The Federal Rules of Civil Procedure are inadequate to protect the courts and defendants — who it should be remembered pay for their defense — from frivolous litigation from indigent prisoners. The Rules are liberal; they are designed so that most cases will actually go to trial if the parties so desire. Under current standards, Rule 12 motions to dismiss are rarely properly granted. See Cruz v. Beto, 405 U.S. 319, 92 S.Ct. 1079, 31 L.Ed.2d 263 (1972); Haines v. Kerner, 404 U.S. 519 92 S.Ct. 594, 30 L.Ed.2d 652 (1972); Campbell v. Beto, 460 F.2d 765 (5th Cir. 1972). The liberal approach of the Rules is probably desirable, but the rules contemplate litigants who are limited by the realities of time and expense. They also contemplate litigants with a basic respect for accuracy. As Judge Duniway has written, "We know from said experience with habeas corpus and 2255 cases that imprisoned felons are seldom, if ever, deterred by the penalties of perjury.
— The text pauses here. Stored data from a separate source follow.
text \<open>Observations: x t i is the value of variable i (0-based, i < d) in sample t
 (0-based; the first T samples are t = 0, ..., T-1).\<close>

definition mean_hat :: "(nat \<Rightarrow> nat \<Rightarrow> real) \<Rightarrow> nat \<Rightarrow> nat \<Rightarrow> real" where
  "mean_hat x T i = (1 / real T) * (\<Sum>t<T. x t i)"

definition abs_hat :: "(nat \<Rightarrow> nat \<Rightarrow> real) \<Rightarrow> nat \<Rightarrow> nat \<Rightarrow> nat \<Rightarrow> real" where
  "abs_hat x T i j = sqrt (mean_hat x T i * mean_hat x T j - (1 / real T) * (\<Sum>t<T. x t i * x t j))"

definition sgn_hat :: "(nat \<Rightarrow> nat \<Rightarrow> real) \<Rightarrow> nat \<Rightarrow> nat \<Rightarrow> nat \<Rightarrow> nat \<Rightarrow> real" where
  "sgn_hat x T r i j = sgn ((1 / real T) * (\<Sum>t<T. x t r * x t i * x t j)
      - mean_hat x T r * mean_hat x T i * mean_hat x T j
      + mean_hat x T r * (abs_hat x T i j)^2
      + mean_hat x T i * (abs_hat x T r j)^2
      + mean_hat x T j * (abs_hat x T r i)^2)"

definition K_hat :: "nat \<Rightarrow> (nat \<Rightarrow> nat \<Rightarrow> real) \<Rightarrow> nat \<Rightarrow> nat \<Rightarrow> real mat" where
  "K_hat d x T r = mat d d (\<lambda>(i, j).
      if i = j then mean_hat x T i
      else if i = r \<or> j = r then abs_hat x T i j
      else sgn_hat x T r i j * abs_hat x T i j)"

end

theory Submission
  imports Defs
begin

(* By the strong law of large numbers (for bounded variables it follows from Hoeffding's
   inequality and Borel-Cantelli), almost surely every empirical inclusion frequency
   (1/T) sum_t prod_{j in s} X_{t,j} converges to the principal minor det K0_s. Hence
   |K_ij|^2 is estimated consistently, and the argument of the estimated sign of K_ij tends to
   2 K0_ri K0_rj K0_ij, which is nonzero; so for large T the estimated sign is
   sgn K0_ri * sgn K0_rj * sgn K0_ij. Then K_hat^(r) = D_r C D_r with D_r = diag (sgn K0_ri)
   and a matrix C that does not depend on r, so K_hat^(r) = (D_r D_r') K_hat^(r') (D_r D_r').
   Besides symmetry only the nonvanishing of the entries of K0 and the positivity of its
   diagonal (a consequence of the marginals) are used. *)

lemma pick_sorted_nth:
  assumes "sorted_wrt (<) xs" "k < length xs"
  shows "pick (set xs) k = xs ! k"
proof -
  have "{a \<in> set xs. a < xs ! k} = set (take k xs)"
  proof (intro equalityI subsetI)
    fix a assume "a \<in> {a \<in> set xs. a < xs ! k}"
    then obtain l where "l < length xs" "a = xs ! l" "xs ! l < xs ! k" by (auto simp: in_set_conv_nth)
    moreover have "l < k"
      using calculation assms by (metis linorder_neqE_nat less_asym sorted_wrt_nth_less)
    ultimately show "a \<in> set (take k xs)" by (auto simp: in_set_conv_nth)
  next
    fix a assume "a \<in> set (take k xs)"
    then obtain l where "l < k" "a = xs ! l" using assms by (auto simp: in_set_conv_nth)
    then show "a \<in> {a \<in> set xs. a < xs ! k}"
      using assms by (auto simp: sorted_wrt_nth_less)
  qed
  moreover have "card (set (take k xs)) = k"
    using assms by (simp add: distinct_card strict_sorted_iff)
  ultimately show ?thesis
    using pick_card_in_set[of "xs ! k" "set xs"] assms by simp
qed

lemma submatrix_sorted_list:
  assumes "K \<in> carrier_mat n n" "sorted_wrt (<) xs" "set xs \<subseteq> {..<n}"
  shows "submatrix K (set xs) (set xs) = mat (length xs) (length xs) (\<lambda>(i, j). K $$ (xs ! i, xs ! j))"
proof -
  have "{i. i < n \<and> i \<in> set xs} = set xs" using assms(3) by auto
  moreover have "card (set xs) = length xs"
    using assms(2) by (simp add: distinct_card strict_sorted_iff)
  ultimately show ?thesis
    using assms by (auto simp: submatrix_def pick_sorted_nth intro!: cong_mat)
qed

lemma det_mat_1: "det (mat 1 1 f) = (f (0, 0) :: 'a :: comm_ring_1)"
  by (simp add: laplace_expansion_row[of _ 1 0] cofactor_def mat_delete_def det_def')

lemma det_mat_2: "det (mat 2 2 f) = (f (0, 0) * f (1, 1) - f (0, 1) * f (1, 0) :: 'a :: comm_ring_1)"
  by (simp add: laplace_expansion_row[of _ 2 0] cofactor_def mat_delete_def numeral_2_eq_2
      lessThan_Suc det_mat_1[unfolded One_nat_def])

lemma det_mat_3:
  "det (mat 3 3 f) = (f (0, 0) * f (1, 1) * f (2, 2) + f (0, 1) * f (1, 2) * f (2, 0)
     + f (0, 2) * f (1, 0) * f (2, 1) - f (0, 0) * f (1, 2) * f (2, 1)
     - f (0, 1) * f (1, 0) * f (2, 2) - f (0, 2) * f (1, 1) * f (2, 0) :: 'a :: comm_ring_1)"
  by (simp add: laplace_expansion_row[of _ 3 0] cofactor_def mat_delete_def numeral_3_eq_3 numeral_2_eq_2
      lessThan_Suc det_mat_2[unfolded numeral_2_eq_2] algebra_simps)

lemma symmetric_mat_entry:
  assumes "K \<in> carrier_mat n n" "transpose_mat K = K" "i < n" "j < n"
  shows "K $$ (j, i) = K $$ (i, j)"
  by (metis assms carrier_matD index_transpose_mat(1))

lemma principal_minor_singleton:
  assumes "K \<in> carrier_mat n n" "a < n"
  shows "det (submatrix K {a} {a}) = (K $$ (a, a) :: 'a :: comm_ring_1)"
  using submatrix_sorted_list[of K n "[a]"] assms by (simp add: det_mat_1[unfolded One_nat_def])

lemma principal_minor_pair:
  assumes K: "K \<in> carrier_mat n n" "transpose_mat K = K" and "a < n" "b < n" "a \<noteq> b"
  shows "det (submatrix K {a, b} {a, b}) = K $$ (a, a) * K $$ (b, b) - (K $$ (a, b))\<^sup>2"
proof -
  have sorted: "det (submatrix K {p, q} {p, q}) = K $$ (p, p) * K $$ (q, q) - (K $$ (p, q))\<^sup>2"
    if "p < q" "q < n" for p q :: nat
    using submatrix_sorted_list[OF K(1), of "[p, q]"] symmetric_mat_entry[OF K, of p q] that
    by (simp add: det_mat_2[unfolded numeral_2_eq_2] power2_eq_square)
  show ?thesis
  proof (cases "a < b")
    case True
    then show ?thesis using sorted assms by simp
  next
    case False
    then show ?thesis
      using sorted[of b a] symmetric_mat_entry[OF K, of a b] assms
      by (simp add: insert_commute algebra_simps)
  qed
qed

lemma principal_minor_triple:
  assumes K: "K \<in> carrier_mat n n" "transpose_mat K = K"
    and "a < n" "b < n" "c < n" "a \<noteq> b" "b \<noteq> c" "a \<noteq> c"
  shows "det (submatrix K {a, b, c} {a, b, c}) = K $$ (a, a) * K $$ (b, b) * K $$ (c, c)
    + 2 * K $$ (a, b) * K $$ (b, c) * K $$ (a, c)
    - K $$ (a, a) * (K $$ (b, c))\<^sup>2 - K $$ (b, b) * (K $$ (a, c))\<^sup>2 - K $$ (c, c) * (K $$ (a, b))\<^sup>2"
proof -
  have sorted: "det (submatrix K {p, q, u} {p, q, u}) = K $$ (p, p) * K $$ (q, q) * K $$ (u, u)
    + 2 * K $$ (p, q) * K $$ (q, u) * K $$ (p, u)
    - K $$ (p, p) * (K $$ (q, u))\<^sup>2 - K $$ (q, q) * (K $$ (p, u))\<^sup>2 - K $$ (u, u) * (K $$ (p, q))\<^sup>2"
    if "p < q" "q < u" "u < n" for p q u :: nat
    using submatrix_sorted_list[OF K(1), of "[p, q, u]"] that
      symmetric_mat_entry[OF K, of p q] symmetric_mat_entry[OF K, of p u]
      symmetric_mat_entry[OF K, of q u]
    by (simp add: det_mat_3[unfolded numeral_3_eq_3 numeral_2_eq_2] power2_eq_square algebra_simps)
  have sym: "K $$ (b, a) = K $$ (a, b)" "K $$ (c, a) = K $$ (a, c)" "K $$ (c, b) = K $$ (b, c)"
    using symmetric_mat_entry[OF K] assms by auto
  consider "a < b" "b < c" | "a < c" "c < b" | "b < a" "a < c"
    | "b < c" "c < a" | "c < a" "a < b" | "c < b" "b < a"
    using assms by linarith
  then show ?thesis
  proof cases
    case 1 then show ?thesis using sorted assms by simp
  next
    case 2 then show ?thesis using sorted[of a c b] assms sym by (simp add: insert_commute algebra_simps)
  next
    case 3 then show ?thesis using sorted[of b a c] assms sym by (simp add: insert_commute algebra_simps)
  next
    case 4 then show ?thesis using sorted[of b c a] assms sym by (simp add: insert_commute algebra_simps)
  next
    case 5 then show ?thesis using sorted[of c a b] assms sym by (simp add: insert_commute algebra_simps)
  next
    case 6 then show ?thesis using sorted[of c b a] assms sym by (simp add: insert_commute algebra_simps)
  qed
qed

lemma prod_zero_one_eq_of_bool:
  fixes y :: "'b \<Rightarrow> 'a :: comm_semiring_1"
  assumes "finite s" "\<And>j. j \<in> s \<Longrightarrow> y j \<in> {0, 1}"
  shows "(\<Prod>j\<in>s. y j) = of_bool (\<forall>j\<in>s. y j = 1)"
proof (cases "\<forall>j\<in>s. y j = 1")
  case False
  with assms(2) obtain j where "j \<in> s" "y j = 0" by blast
  with assms(1) have "(\<Prod>j\<in>s. y j) = 0" by (intro prod_zero) auto
  with False show ?thesis by simp
qed simp

definition empirical_moment :: "(nat \<Rightarrow> nat \<Rightarrow> real) \<Rightarrow> nat \<Rightarrow> nat set \<Rightarrow> real" where
  "empirical_moment x T s = (1 / real T) * (\<Sum>t<T. \<Prod>j\<in>s. x t j)"

context prob_space
begin

lemma AE_eventually_sample_mean_near:
  fixes Y :: "nat \<Rightarrow> 'a \<Rightarrow> real"
  assumes indep: "indep_vars (\<lambda>_. borel) Y UNIV"
    and bounded: "\<And>t \<omega>. \<omega> \<in> space M \<Longrightarrow> Y t \<omega> \<in> {0..1}"
    and expectation: "\<And>t. expectation (Y t) = \<mu>"
    and e: "e > 0"
  shows "AE \<omega> in M. eventually (\<lambda>T. \<bar>(1 / real T) * (\<Sum>t<T. Y t \<omega>) - \<mu>\<bar> < e) sequentially"
proof -
  have [measurable]: "Y t \<in> borel_measurable M" for t
    using indep unfolding indep_vars_def by auto
  define A where "A n = {\<omega> \<in> space M. real n * e \<le> \<bar>(\<Sum>t<n. Y t \<omega>) - real n * \<mu>\<bar>}" for n
  have A_sets: "A n \<in> sets M" for n unfolding A_def by measurable
  have Hoeffding: "prob (A n) \<le> 2 * exp (-2 * e\<^sup>2) ^ n" for n
  proof (cases "n = 0")
    case True
    then show ?thesis by (simp add: order_trans[OF prob_le_1])
  next
    case False
    interpret Hoeffding_ineq M "{..<n}" Y "\<lambda>_. 0" "\<lambda>_. 1" "\<Sum>t<n. expectation (Y t)"
    proof unfold_locales
      show "indep_vars (\<lambda>_. borel) Y {..<n}" by (rule indep_vars_subset[OF indep]) simp
    qed (use bounded in simp_all)
    have "prob (A n) \<le> 2 * exp (-2 * (real n * e)\<^sup>2 / (\<Sum>i<n. (1 - 0)\<^sup>2))"
      using Hoeffding_ineq_abs_ge[of "real n * e"] e False unfolding A_def expectation by simp
    also have "-2 * (real n * e)\<^sup>2 / (\<Sum>i<n. (1 - 0)\<^sup>2) = real n * (-2 * e\<^sup>2)"
      using False by (simp add: power2_eq_square)
    also have "exp (real n * (-2 * e\<^sup>2)) = exp (-2 * e\<^sup>2) ^ n"
      by (rule exp_of_nat_mult)
    finally show ?thesis .
  qed
  have "summable (\<lambda>n. prob (A n))"
  proof (rule summable_comparison_test')
    show "summable (\<lambda>n. 2 * exp (-2 * e\<^sup>2) ^ n)"
      using e by (intro summable_mult summable_geometric) simp
  qed (use Hoeffding in simp)
  then have "AE \<omega> in M. eventually (\<lambda>n. \<omega> \<in> space M - A n) sequentially"
    by (intro borel_cantelli_AE1 A_sets) (simp_all add: less_top[symmetric])
  then show ?thesis
  proof (rule AE_mp, intro AE_I2 impI)
    fix \<omega> assume "eventually (\<lambda>n. \<omega> \<in> space M - A n) sequentially"
    with eventually_gt_at_top[of 0]
    show "eventually (\<lambda>T. \<bar>(1 / real T) * (\<Sum>t<T. Y t \<omega>) - \<mu>\<bar> < e) sequentially"
    proof eventually_elim
      case (elim n)
      then have "\<bar>(\<Sum>t<n. Y t \<omega>) - real n * \<mu>\<bar> < real n * e" unfolding A_def by auto
      moreover have "(1 / real n) * (\<Sum>t<n. Y t \<omega>) - \<mu> = ((\<Sum>t<n. Y t \<omega>) - real n * \<mu>) / real n"
        using elim by (simp add: field_simps)
      ultimately show ?case using elim by (simp add: abs_div pos_divide_less_eq mult.commute)
    qed
  qed
qed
They do not hesitate to allege whatever they think is required in order to get themselves even the temporary relief of a proceeding in court." Weller v. Dickson, 314 F.2d 598, 602 (9th Cir. 1963) (concurring opinion). A reasonably intelligent prisoner with a willingness to misrepresent facts can often avoid both 12b dismissal and summary judgment, although he actually has no chance of eventual success in his suit. Even if summary judgment can be won by a defendant, much expense may already have been suffered by him in retaining counsel to conduct the defense.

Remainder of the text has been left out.